━━━━━ Source information ━━━━━

lemma measurable_opt_max_tsp_image:
  assumes P: "finite P"
    and v_meas [measurable]: "\<And>p i. (\<lambda>\<omega>. v \<omega> p i) \<in> borel_measurable M"
    and v_vanish: "\<And>\<omega> p i. k \<le> i \<Longrightarrow> v \<omega> p i = 0"
  shows "(\<lambda>\<omega>. opt_max_tsp k (v \<omega> ` P)) \<in> borel_measurable M"
proof -
  have eq_iff: "v \<omega> p = v \<omega> q \<longleftrightarrow> (\<forall>i\<in>{..<k}. v \<omega> p i = v \<omega> q i)" for \<omega> p q
    by (metis ext lessThan_iff not_less v_vanish)
  have [measurable]: "{\<omega> \<in> space M. v \<omega> p = v \<omega> q} \<in> sets M" for p q
    unfolding eq_iff by measurable
  have "(\<lambda>\<omega>. if bij_betw (v \<omega> \<circ> g) {..<n} (v \<omega> ` P) then tour_length k n (v \<omega> \<circ> g) else -1)
      \<in> borel_measurable M" if "g \<in> {..<n} \<rightarrow>\<^sub>E P" for n g
  proof -
    have "g ` {..<n} \<subseteq> P"
      using that by auto
    then have "(\<lambda>\<omega>. if bij_betw (v \<omega> \<circ> g) {..<n} (v \<omega> ` P) then tour_length k n (v \<omega> \<circ> g) else -1) =
      (\<lambda>\<omega>. if (\<forall>a\<in>{..<n}. \<forall>b\<in>{..<n}. v \<omega> (g a) = v \<omega> (g b) \<longrightarrow> a = b)
                \<and> (\<forall>p\<in>P. \<exists>a\<in>{..<n}. v \<omega> (g a) = v \<omega> p)
           then \<Sum>i<n. sqrt (\<Sum>l<k. (v \<omega> (g i) l - v \<omega> (g (Suc i mod n)) l)\<^sup>2) else -1)"
      by (simp add: bij_betw_comp_onto_image_iff inj_on_def tour_length_def edist_def cong: if_cong)
    also have "\<dots> \<in> borel_measurable M"
      using P by measurable
    finally show ?thesis .
  qed
  then show ?thesis
    unfolding opt_max_tsp_image_eq_Max[OF P]
    using P by (intro borel_measurable_Max) (auto intro!: finite_SigmaI finite_PiE)
qed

━━━━━

▶ What the task asks: From the line holding "using P by (intro" to the last line of the data above, copy every line exactly and include nothing more.

▶ Answer for the task:
    using P by (intro borel_measurable_Max) (auto intro!: finite_SigmaI finite_PiE)
qed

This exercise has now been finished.